(*
  Write phi_mu(x) = 1 - mu + mu cos(2 pi x) (Q_char mu x below).  It is the characteristic
  function of a coordinate of Q(2d, mu) at 2 pi x, and exp(-pi |v|^2) is the characteristic
  function of gamma_l at 2 pi v.  Integrating prod_i phi_mu((W theta)_i) against gamma_l and
  exchanging the order of integration (tau has finite support) therefore gives
  E_tau exp(-pi |W^T tau|^2), which is at most P(|W^T tau| <= beta sqrt l) + exp(-beta^2 l).
  On the other hand phi_mu is 1-periodic and phi_mu(x) >= exp(-32 mu x^2) for mu <= 1/4, so
  the integrand is at least exp(-32 mu t) on S_W(t).
*)

definition Q_char :: "real \<Rightarrow> real \<Rightarrow> real" where
  "Q_char \<mu> x = 1 - \<mu> + \<mu> * cos (2 * pi * x)"

lemma Q_char_eq: "Q_char \<mu> x = 1 - 2 * \<mu> * (sin (pi * x))\<^sup>2"
proof -
  have "cos (2 * pi * x) = 1 - 2 * (sin (pi * x))\<^sup>2"
    using cos_double_sin[of "pi * x"] by (simp add: mult.assoc)
  then show ?thesis
    by (simp add: Q_char_def right_diff_distrib)
qed

lemma Q_char_diff_of_int: "Q_char \<mu> (x - of_int k) = Q_char \<mu> x"
  by (simp add: Q_char_def right_diff_distrib cos_diff)

lemma Q_char_pos: "0 \<le> \<mu> \<Longrightarrow> \<mu> < 1/2 \<Longrightarrow> 0 < Q_char \<mu> x"
  using mult_left_mono[of "-1" "cos (2 * pi * x)" \<mu>] by (simp add: Q_char_def)

lemma exp_neg_two_ln2_le_one_minus:
  fixes a :: real
  assumes "0 \<le> a" "a \<le> 1/2"
  shows "exp (- 2 * ln 2 * a) \<le> 1 - a"
proof -
  have "exp ((2 * a) * (- ln 2) + (1 - 2 * a) * 0) \<le> (2 * a) * exp (- ln 2) + (1 - 2 * a) * exp 0"
    using convex_onD[OF exp_convex, of "2 * a" 0 "- ln 2"] assms by (simp add: algebra_simps)
  then show ?thesis by (simp add: exp_minus mult_ac)
qed

lemma Q_char_ge_exp:
  assumes "0 \<le> \<mu>" "\<mu> \<le> 1/4"
  shows "exp (- 32 * \<mu> * x\<^sup>2) \<le> Q_char \<mu> x"
proof -
  \<comment> \<open>Where 32 comes from: 1 - a \<ge> 4 powr (-a) on [0, 1/2], and 4 ln 2 pi^2 < 28.\<close>
  define a where "a = 2 * \<mu> * (sin (pi * x))\<^sup>2"
  have "(sin (pi * x))\<^sup>2 \<le> 1"
    by (simp add: abs_square_le_1)
  with assms have a: "0 \<le> a" "a \<le> 1/2"
    unfolding a_def using mult_left_mono[of "(sin (pi * x))\<^sup>2" 1 \<mu>] by auto
  have sin_sq: "(sin (pi * x))\<^sup>2 \<le> pi\<^sup>2 * x\<^sup>2"
    using abs_sin_x_le_abs_x[of "pi * x"] by (metis abs_ge_zero power2_abs power_mono power_mult_distrib)
  have pi_sq: "pi\<^sup>2 \<le> (16 / 5 :: real)\<^sup>2"
    using pi_approx by (intro power_mono) auto
  have "2 * ln 2 * a \<le> 2 * (25/36) * a"
    using ln2_le_25_over_36 a by (intro mult_right_mono) auto
  also have "\<dots> \<le> (25/9) * \<mu> * (pi\<^sup>2 * x\<^sup>2)"
    unfolding a_def using mult_left_mono[OF sin_sq, of \<mu>] assms by simp
  also have "\<dots> \<le> (25/9) * \<mu> * ((16/5)\<^sup>2 * x\<^sup>2)"
    using pi_sq assms by (intro mult_left_mono mult_right_mono) auto
  also have "\<dots> \<le> 32 * \<mu> * x\<^sup>2"
    using assms by (simp add: power2_eq_square)
  finally have "exp (- 32 * \<mu> * x\<^sup>2) \<le> exp (- 2 * ln 2 * a)"
    by simp
  also have "\<dots> \<le> 1 - a"
    using a by (rule exp_neg_two_ln2_le_one_minus)
  finally show ?thesis
    by (simp add: Q_char_eq a_def)
qed

lemma prod_Q_char_ge_exp_dist:
  fixes m :: nat
  assumes "0 \<le> \<mu>" "\<mu> \<le> 1/4"
  shows "exp (- 32 * \<mu> * (\<Sum>i<m. (u i - of_int (z i))\<^sup>2)) \<le> (\<Prod>i<m. Q_char \<mu> (u i))"
proof -
  have "exp (- 32 * \<mu> * (\<Sum>i<m. (u i - of_int (z i))\<^sup>2))
      = (\<Prod>i<m. exp (- 32 * \<mu> * (u i - of_int (z i))\<^sup>2))"
    unfolding sum_distrib_left by (subst exp_sum) auto
  also have "\<dots> \<le> (\<Prod>i<m. Q_char \<mu> (u i - of_int (z i)))"
    using assms by (intro prod_mono conjI Q_char_ge_exp) auto
  finally show ?thesis
    by (simp add: Q_char_diff_of_int)
qed

lemma le_torus_norm:
  assumes "\<And>z. r \<le> sqrt (\<Sum>i<m. (u i - of_int (z i))\<^sup>2)"
  shows "r \<le> torus_norm m u"
  unfolding torus_norm_def using assms by (intro cInf_greatest) auto

lemma torus_norm_nonneg: "0 \<le> torus_norm m u"
  by (rule le_torus_norm) (simp add: sum_nonneg)
lemma lattice_robin_super_perturbed_pos:
  fixes w :: "int \<Rightarrow> real \<Rightarrow> real \<Rightarrow> real" and r :: "int \<Rightarrow> real \<Rightarrow> real"
  assumes "0 < \<alpha>" "0 < \<beta>" "0 < d" "0 \<le> L" "0 < \<epsilon>" "0 \<le> T"
    and sys: "lattice_robin_super d \<alpha> \<beta> L w r T"
    and bound: "\<forall>j. \<forall>t\<in>{0..T}. \<forall>x\<in>{0..1}. \<bar>w j t x\<bar> \<le> M \<and> \<bar>r j t\<bar> \<le> M"
    and init: "\<forall>j. (\<forall>x\<in>{0..1}. 0 \<le> w j 0 x) \<and> 0 \<le> r j 0"
  defines "a \<equiv> \<lambda>j. \<beta> / \<alpha> * (lattice_weight j + lattice_weight (j + 1))"
    and "E \<equiv> \<lambda>t. \<epsilon> * exp ((L + 4 * \<beta> + 1) * t)"
  shows "\<forall>j. \<forall>t\<in>{0..T}. (\<forall>x\<in>{0..1}. 0 < w j t x + E t * a j) \<and> 0 < r j t + E t * lattice_weight j"
proof (rule ccontr)
  \<comment> \<open>\<open>\<alpha> * a j\<close> dominates the Robin data of both neighbouring \<open>r\<close>'s, and the rate
    \<open>L + 4 * \<beta> + 1\<close> dominates the coupling in the equation for \<open>r j\<close>.\<close>
  assume neg: "\<not> ?thesis"
  have lw: "0 < lattice_weight j" for j
    using lattice_weight_ge_one[of j] by linarith
  have a: "\<alpha> * a j = \<beta> * lattice_weight j + \<beta> * lattice_weight (j + 1)" for j
    using assms(1) by (simp add: a_def field_simps)
  have "0 < a j" for j
    using assms(1,2) lw[of j] lw[of "j + 1"] unfolding a_def by (intro mult_pos_pos divide_pos_pos add_pos_pos)
  have E: "0 < E t" "(E has_real_derivative (L + 4 * \<beta> + 1) * E t) (at t)" for t
    using \<open>0 < \<epsilon>\<close> unfolding E_def by (auto intro!: derivative_eq_intros)
  obtain J where "finite J" and outside: "\<forall>j. j \<notin> J \<longrightarrow>
      (\<forall>t\<in>{0..T}. (\<forall>x\<in>{0..1}. 0 < w j t x + E t * a j) \<and> 0 < r j t + E t * lattice_weight j)"
  proof (rule lattice_perturbation_pos_outside_finite[OF bound _ \<open>0 < \<epsilon>\<close>, of E "min 1 (\<beta> / \<alpha>)" a])
    show "\<forall>t\<in>{0..T}. \<epsilon> \<le> E t"
      using \<open>0 < \<epsilon>\<close> assms(2,4) by (auto simp: E_def)
    show "\<forall>j. min 1 (\<beta> / \<alpha>) * lattice_weight j \<le> a j"
    proof
      fix j
      have "min 1 (\<beta> / \<alpha>) * lattice_weight j \<le> \<beta> / \<alpha> * lattice_weight j"
        using lw[of j] by (intro mult_right_mono) auto
      also have "\<dots> \<le> a j"
        unfolding a_def using lw[of "j + 1"] assms(1,2) by (intro mult_left_mono) auto
      finally show "min 1 (\<beta> / \<alpha>) * lattice_weight j \<le> a j" .
    qed
  qed (use assms(1,2) in auto)
  have cE: "continuous_on {0..T} E" "continuous_on ({0..T} \<times> {0..1}) (\<lambda>p. E (fst p))"
    unfolding E_def by (intro continuous_intros)+
  have "continuous_on ({0..T} \<times> {0..1}) (\<lambda>p. w j (fst p) (snd p) + E (fst p) * a j)" for j
    using lattice_robin_super_continuous(1)[OF sys, of j] continuous_on_mult_right[OF cE(2)]
    by (intro continuous_on_add) (simp_all add: case_prod_beta')
  moreover have "continuous_on {0..T} (\<lambda>t. r j t + E t * lattice_weight j)" for j
    by (intro continuous_on_add continuous_on_mult_right lattice_robin_super_continuous(2)[OF sys] cE(1))
  ultimately have "\<forall>j\<in>J. continuous_on ({0..T} \<times> {0..1}) (\<lambda>(t, x). w j t x + E t * a j)
      \<and> continuous_on {0..T} (\<lambda>t. r j t + E t * lattice_weight j)"
    by (simp add: case_prod_beta')
  moreover have "\<forall>j. (\<forall>x\<in>{0..1}. 0 < w j 0 x + E 0 * a j) \<and> 0 < r j 0 + E 0 * lattice_weight j"
    using init E(1) \<open>0 < a _\<close> lw by (auto intro!: add_nonneg_pos)
  moreover note outside
  ultimately obtain ts j x0 where ts: "0 < ts" "ts \<le> T" and x0: "x0 \<in> {0..1}"
    and zero: "w j ts x0 + E ts * a j = 0 \<or> r j ts + E ts * lattice_weight j = 0"
    and after: "\<forall>j. (\<forall>x\<in>{0..1}. 0 \<le> w j ts x + E ts * a j) \<and> 0 \<le> r j ts + E ts * lattice_weight j"
    and before: "\<forall>j. \<forall>s\<in>{0..<ts}. (\<forall>x\<in>{0..1}. 0 < w j s x + E s * a j) \<and> 0 < r j s + E s * lattice_weight j"
    by (rule first_touching_time_lattice[OF \<open>finite J\<close> \<open>0 \<le> T\<close> _ _ _ neg])
  have after_w: "- (E ts * a k) \<le> w k ts y" if "y \<in> {0..1}" for k y
  proof -
    have "0 \<le> w k ts y + E ts * a k"
      using after that by blast
    then show ?thesis
      by linarith
  qed
  have after_r: "- (E ts * lattice_weight k) \<le> r k ts" for k
  proof -
    have "0 \<le> r k ts + E ts * lattice_weight k"
      using after by blast
    then show ?thesis
      by linarith
  qed
  from zero show False
  proof
    assume zero_w: "w j ts x0 + E ts * a j = 0"
    have "0 < (L + 4 * \<beta> + 1) * E ts"
      using E(1) assms(2,4) by simp
    moreover have "\<forall>y\<in>{0..1}. 0 \<le> w j ts y + E ts * a j"
      using after by blast
    moreover have "\<forall>s\<in>{0..<ts}. 0 \<le> w j s x0 + E s * a j"
      using before x0 by (auto intro: less_imp_le)
    ultimately show False
      by (rule lattice_heat_component_no_touch[OF sys \<open>0 < \<beta>\<close> \<open>0 < d\<close> ts x0 E(2) _ E(1) \<open>0 < a j\<close> a zero_w])
        (use after_r in blast)
  next
    assume zero_r: "r j ts + E ts * lattice_weight j = 0"
    have a_sum: "\<alpha> * a j + \<alpha> * a (j - 1) = \<beta> * (4 * lattice_weight j + 2)"
      using assms(1) by (simp add: a_def lattice_weight_def field_simps power2_eq_square)
    have "\<forall>s\<in>{0..<ts}. 0 \<le> r j s + E s * lattice_weight j"
      using before by (auto intro: less_imp_le)
    moreover have "- (E ts * a j) \<le> w j ts 0" "- (E ts * a (j - 1)) \<le> w (j - 1) ts 1"
      using after_w by simp_all
    ultimately show False
      by (rule lattice_rho_component_no_touch[OF sys \<open>0 < \<alpha>\<close> \<open>0 < \<beta>\<close> ts E(2) E(1) a_sum zero_r])
  qed
qed
(* For each $n\ge0$ there is an exact sequence of $k$-modules \[0\leftarrow k\xleftarrow{\varepsilon}k\bigl[\mathrm{Hom}_{\mathcal{IF}(as)}([n],[0])\bigr]\xleftarrow{\rho}k\bigl[\mathrm{Hom}_{\mathcal{IF}(as)}([n],[2])\bigr],\] where $\varepsilon(f)=1_k$ on generators and $\rho(g)=\mu_2\circ g-\nu\circ g$ on generators, both extended $k$-linearly.
   Context: Let $k$ be a commutative ring and $C_2=\{1,t\}$. The category $\mathcal{IF}(as)$ of involutive non-commutative sets: objects $[n]=\{0,\dots,n\}$, $n\ge0$; a morphism $f:[n]\to[m]$ is a map of sets together with a total order on each fibre $f^{-1}(i)$ and a $C_2$-label on each element of $[n]$ (so each fibre is a $C_2$-labelled ordered set). For a $C_2$-labelled ordered set $S$, $S^t$ denotes $S$ with the order reversed and all labels multiplied by $t$. The composite $g\circ f$ of $f:[n]\to[m]$ and $g:[m]\to[l]$ has the composite underlying map and, for $i\in[l]$ with $g^{-1}(i)=\{j_1<\dots<j_r\}$, fibre the concatenation $S_1<\dots<S_r$ where $S_s=f^{-1}(j_s)$ if $j_s$ has label $1$ and $S_s=f^{-1}(j_s)^t$ if $j_s$ has label $t$. For $n\ge0$, $\mu_n:[n]\to[0]$ is given by $\mu_n^{-1}(0)=\{0^1<1^1<\dots<n^1\}$ (superscripts are labels), and $\nu:[2]\to[0]$ is given by $\nu^{-1}(0)=\{2^1<1^t<0^1\}$. $k[S]$ denotes the free $k$-module on a set $S$. *)

theory Defs
  imports Main
begin

datatype c2 = C1 | Ct

fun c2_mult :: "c2 \<Rightarrow> c2 \<Rightarrow> c2" where
  "c2_mult C1 b = b"
| "c2_mult Ct C1 = Ct"
| "c2_mult Ct Ct = C1"

text \<open>A C_2-labelled ordered set is a list of pairs (element, label), listed in
increasing order.  A morphism f : [n] -> [m] is encoded by the list of its m+1
fibres f^{-1}(0), ..., f^{-1}(m), each a C_2-labelled ordered set; these
fibres together contain each element of [n] = {0,...,n} exactly once.\<close>

type_synonym lset = "(nat \<times> c2) list"
type_synonym ifmor = "lset list"

definition IF_hom :: "nat \<Rightarrow> nat \<Rightarrow> ifmor set" where
  "IF_hom n m = {F. length F = Suc m \<and> distinct (map fst (concat F))
                    \<and> set (map fst (concat F)) = {0..n}}"

definition twist :: "lset \<Rightarrow> lset" where
  "twist S = rev (map (\<lambda>(x, l). (x, c2_mult Ct l)) S)"

text \<open>Composite g o f, for f : [n] -> [m] and g : [m] -> [l]: the fibre over i is
the concatenation, along the fibre g^{-1}(i) = {j_1 < ... < j_r}, of f^{-1}(j_s)
(label of j_s equal to 1) or f^{-1}(j_s)^t (label of j_s equal to t).\<close>
definition IF_comp :: "ifmor \<Rightarrow> ifmor \<Rightarrow> ifmor" where
  "IF_comp g f = map (\<lambda>S. concat (map (\<lambda>(j, l). if l = C1 then f ! j else twist (f ! j)) S)) g"

definition mu :: "nat \<Rightarrow> ifmor" where
  "mu n = [map (\<lambda>i. (i, C1)) [0..<Suc n]]"

definition nu :: ifmor where
  "nu = [[(2, C1), (1, Ct), (0, C1)]]"

text \<open>k[S]: functions S -> k vanishing outside S (the Hom-sets are finite).\<close>
definition free_mod :: "'a set \<Rightarrow> ('a \<Rightarrow> 'k::comm_ring_1) set" where
  "free_mod S = {x. finite {a. x a \<noteq> 0} \<and> (\<forall>a. a \<notin> S \<longrightarrow> x a = 0)}"

definition gen :: "'a \<Rightarrow> 'a \<Rightarrow> 'k::comm_ring_1" where
  "gen a = (\<lambda>b. if b = a then 1 else 0)"

definition eps_map :: "nat \<Rightarrow> (ifmor \<Rightarrow> 'k::comm_ring_1) \<Rightarrow> 'k" where
  "eps_map n x = (\<Sum>f\<in>IF_hom n 0. x f * 1)"

definition rho_map :: "nat \<Rightarrow> (ifmor \<Rightarrow> 'k::comm_ring_1) \<Rightarrow> (ifmor \<Rightarrow> 'k)" where
  "rho_map n y = (\<lambda>h. \<Sum>g\<in>IF_hom n 2. y g * (gen (IF_comp (mu 2) g) h - gen (IF_comp nu g) h))"
(* Let $a^*\in\mathbb{R}$, $\epsilon\ge0$ with $|a^*|-\epsilon>1$, $m\in\mathbb{N}$, $R\ge0$, $N:=2^R$. Let $\delta_+:=(|a^*|+\epsilon)^m-|a^*|^m$, $\delta_-:=|a^*|^m-(|a^*|-\epsilon)^m$, $M:=N^m$, and $$\kappa:=\frac1M\Big(|a^*|^m+\max\{\tfrac M2,1\}\delta_++\max\{\tfrac M2-1,0\}\delta_-\Big).$$ Then $\kappa^2<1$ (i.e. $\bar\kappa<1$ in the lossless case $p=0$) if and only if $$\frac{\delta_++\delta_-}{2}<1\quad\text{and}\quad R>\max\Big\{\log_2(|a^*|+\epsilon),\ \frac1m\log_2\frac{|a^*|^m-\delta_-}{1-(\delta_++\delta_-)/2}\Big\}.$$
   Context: In particular, if $m$ is so large that $(\delta_++\delta_-)/2\ge1$, no data rate $R$ achieves $\kappa<1$. *)

theory Defs
  imports Complex_Main
begin

definition delta_plus :: "real \<Rightarrow> real \<Rightarrow> nat \<Rightarrow> real" where
  "delta_plus a e m = (\<bar>a\<bar> + e) ^ m - \<bar>a\<bar> ^ m"

definition delta_minus :: "real \<Rightarrow> real \<Rightarrow> nat \<Rightarrow> real" where
  "delta_minus a e m = \<bar>a\<bar> ^ m - (\<bar>a\<bar> - e) ^ m"

definition kappa :: "real \<Rightarrow> real \<Rightarrow> nat \<Rightarrow> real \<Rightarrow> real" where
  "kappa a e m R =
     (let M = (2 powr R) ^ m
      in (1 / M) * (\<bar>a\<bar> ^ m + max (M / 2) 1 * delta_plus a e m
                    + max (M / 2 - 1) 0 * delta_minus a e m))"

end

theory Submission
  imports Defs
begin

(* Write b = |a|-e, c = |a|+e and M = (2 powr R)^m >= 1, so that
   delta_plus = c^m - |a|^m and delta_minus = |a|^m - b^m.  The two max-terms
   in kappa switch at M = 2, and in both regimes kappa collapses:
     kappa = b^m/M + (c^m-b^m)/2   if M >= 2,      kappa = c^m/M   if M < 2.
   The file first proves this piecewise formula for arbitrary reals, then shows
   that the piecewise expression is < 1 exactly when
     (c^m-b^m)/2 < 1,  c^m < M  and  b^m/(1-(c^m-b^m)/2) < M,
   and finally translates the two bounds on M into the logarithmic thresholds on
   R of the statement.  Since kappa >= 0, kappa^2 < 1 is the same as kappa < 1. *)

text \<open>The two max-weights of kappa switch at M = 2; in each regime the
  contribution of the middle value A cancels.\<close>
lemma kappa_shape_piecewise:
  fixes M A B C :: real
  assumes "M \<ge> 1"
  shows "(1 / M) * (A + max (M / 2) 1 * (C - A) + max (M / 2 - 1) 0 * (A - B))
         = (if 2 \<le> M then B / M + (C - B) / 2 else C / M)"
  using assms by (cases "2 \<le> M") (simp_all add: max_def field_simps)

text \<open>When the piecewise expression is below 1, in terms of three explicit
  bounds on M; each regime yields the bound that is missing in it for free.\<close>
lemma piecewise_less_one_iff:
  fixes M B C :: real
  assumes B: "0 < B" "B \<le> C" and M: "1 \<le> M"
  shows "(if 2 \<le> M then B / M + (C - B) / 2 else C / M) < 1
         \<longleftrightarrow> (C - B) / 2 < 1 \<and> C < M \<and> B / (1 - (C - B) / 2) < M"
proof -
  define D where "D = (C - B) / 2"
  have D0: "0 \<le> D" using B by (simp add: D_def)
  have bound_iff: "B / (1 - D) < M \<longleftrightarrow> B < M * (1 - D)" if "D < 1"
    using that by (simp add: pos_divide_less_eq mult.commute)
  show ?thesis
  proof (cases "2 \<le> M")
    case True
    have "0 < B / M" using B M by simp
    moreover have "B / M + D < 1 \<longleftrightarrow> B < M * (1 - D)"
      using M by (simp add: field_simps)
    ultimately have "B / M + D < 1 \<longleftrightarrow> D < 1 \<and> B < M * (1 - D)"
      by auto
    moreover have "B < M * (1 - D) \<Longrightarrow> C < M"
    proof -
      assume "B < M * (1 - D)"
      then have "B < M - M * D" by (simp add: algebra_simps)
      moreover have "2 * D \<le> M * D" using True D0 by (simp add: mult_right_mono)
      ultimately show "C < M" by (simp add: D_def)
    qed
    ultimately show ?thesis
      using True bound_iff by (auto simp: D_def[symmetric])
  next
    case False
    have "C < M \<Longrightarrow> D < 1 \<and> B < M * (1 - D)"
    proof -
      assume "C < M"
      moreover have "M * D \<le> 2 * D" using False D0 by (simp add: mult_right_mono)
      ultimately have "B < M - M * D" by (simp add: D_def)
      then show ?thesis using \<open>C < M\<close> False B by (simp add: D_def algebra_simps)
    qed
    then show ?thesis
      using False M bound_iff by (auto simp: D_def[symmetric] field_simps)
  qed
qed

lemma log_threshold_iff:
  fixes y R :: real and m :: nat
  assumes "0 < y" and "1 \<le> m"
  shows "(1 / real m) * log 2 y < R \<longleftrightarrow> y < (2 powr R) ^ m"
proof -
  have "(1 / real m) * log 2 y < R \<longleftrightarrow> log 2 y < real m * R"
    using assms(2) by (simp add: field_simps)
  also have "\<dots> \<longleftrightarrow> y < 2 powr (real m * R)"
    using assms(1) by (simp add: log_less_iff)
  finally show ?thesis by (simp add: powr_power mult.commute)
qed

theorem mainTheorem10:
  fixes a e R :: real and m :: nat
  assumes "e \<ge> 0" and "\<bar>a\<bar> - e > 1" and "m \<ge> 1" and "R \<ge> 0"
  shows "(kappa a e m R)\<^sup>2 < 1 \<longleftrightarrow>
     ((delta_plus a e m + delta_minus a e m) / 2 < 1 \<and>
      R > max (log 2 (\<bar>a\<bar> + e))
              ((1 / real m) * log 2 ((\<bar>a\<bar> ^ m - delta_minus a e m)
                 / (1 - (delta_plus a e m + delta_minus a e m) / 2))))"
proof -
  define b c M where "b = \<bar>a\<bar> - e" and "c = \<bar>a\<bar> + e" and "M = (2 powr R) ^ m"
  have bm: "1 \<le> b ^ m" and bcm: "b ^ m \<le> c ^ m"
    using assms by (auto simp: b_def c_def one_le_power intro!: power_mono)
  have M1: "1 \<le> M"
    using assms(4) by (simp add: M_def one_le_power ge_one_powr_ge_zero)
  have deltas: "(delta_plus a e m + delta_minus a e m) / 2 = (c ^ m - b ^ m) / 2"
    "\<bar>a\<bar> ^ m - delta_minus a e m = b ^ m"
    by (simp_all add: delta_plus_def delta_minus_def b_def c_def)
  have kappa_eq: "kappa a e m R = (if 2 \<le> M then b ^ m / M + (c ^ m - b ^ m) / 2 else c ^ m / M)"
    using kappa_shape_piecewise[OF M1, of "\<bar>a\<bar> ^ m" "c ^ m" "b ^ m"]
    by (simp add: kappa_def Let_def M_def delta_plus_def delta_minus_def b_def c_def)
  have "0 \<le> kappa a e m R"
    using bm bcm M1 by (simp add: kappa_eq)
  then have "(kappa a e m R)\<^sup>2 < 1 \<longleftrightarrow> kappa a e m R < 1"
    by (metis abs_of_nonneg abs_square_less_1)
  moreover have "log 2 c < R \<longleftrightarrow> c ^ m < M"
  proof -
    have "0 < c" using assms(1,2) by (simp add: c_def)
    then have "log 2 c = (1 / real m) * log 2 (c ^ m)"
      using assms(3) by (simp add: log_nat_power)
    then show ?thesis
      using log_threshold_iff[of "c ^ m" m R] \<open>0 < c\<close> assms(3) by (simp add: M_def)
  qed
  ultimately show ?thesis
    using piecewise_less_one_iff[of "b ^ m" "c ^ m" M] log_threshold_iff[of _ m R] bm bcm M1 assms(3)
    unfolding deltas c_def[symmetric] kappa_eq M_def[symmetric]
    by (auto simp: M_def)
qed

end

Problem statement:
Filter the records for the string "finally" and copy every line that holds it.

Task output:
  finally have "exp (- 32 * \<mu> * x\<^sup>2) \<le> exp (- 2 * ln 2 * a)"
  finally show ?thesis
  finally show ?thesis
      finally show "min 1 (\<beta> / \<alpha>) * lattice_weight j \<le> a j" .
   and finally translates the two bounds on M into the logarithmic thresholds on
  finally show ?thesis by (simp add: powr_power mult.commute)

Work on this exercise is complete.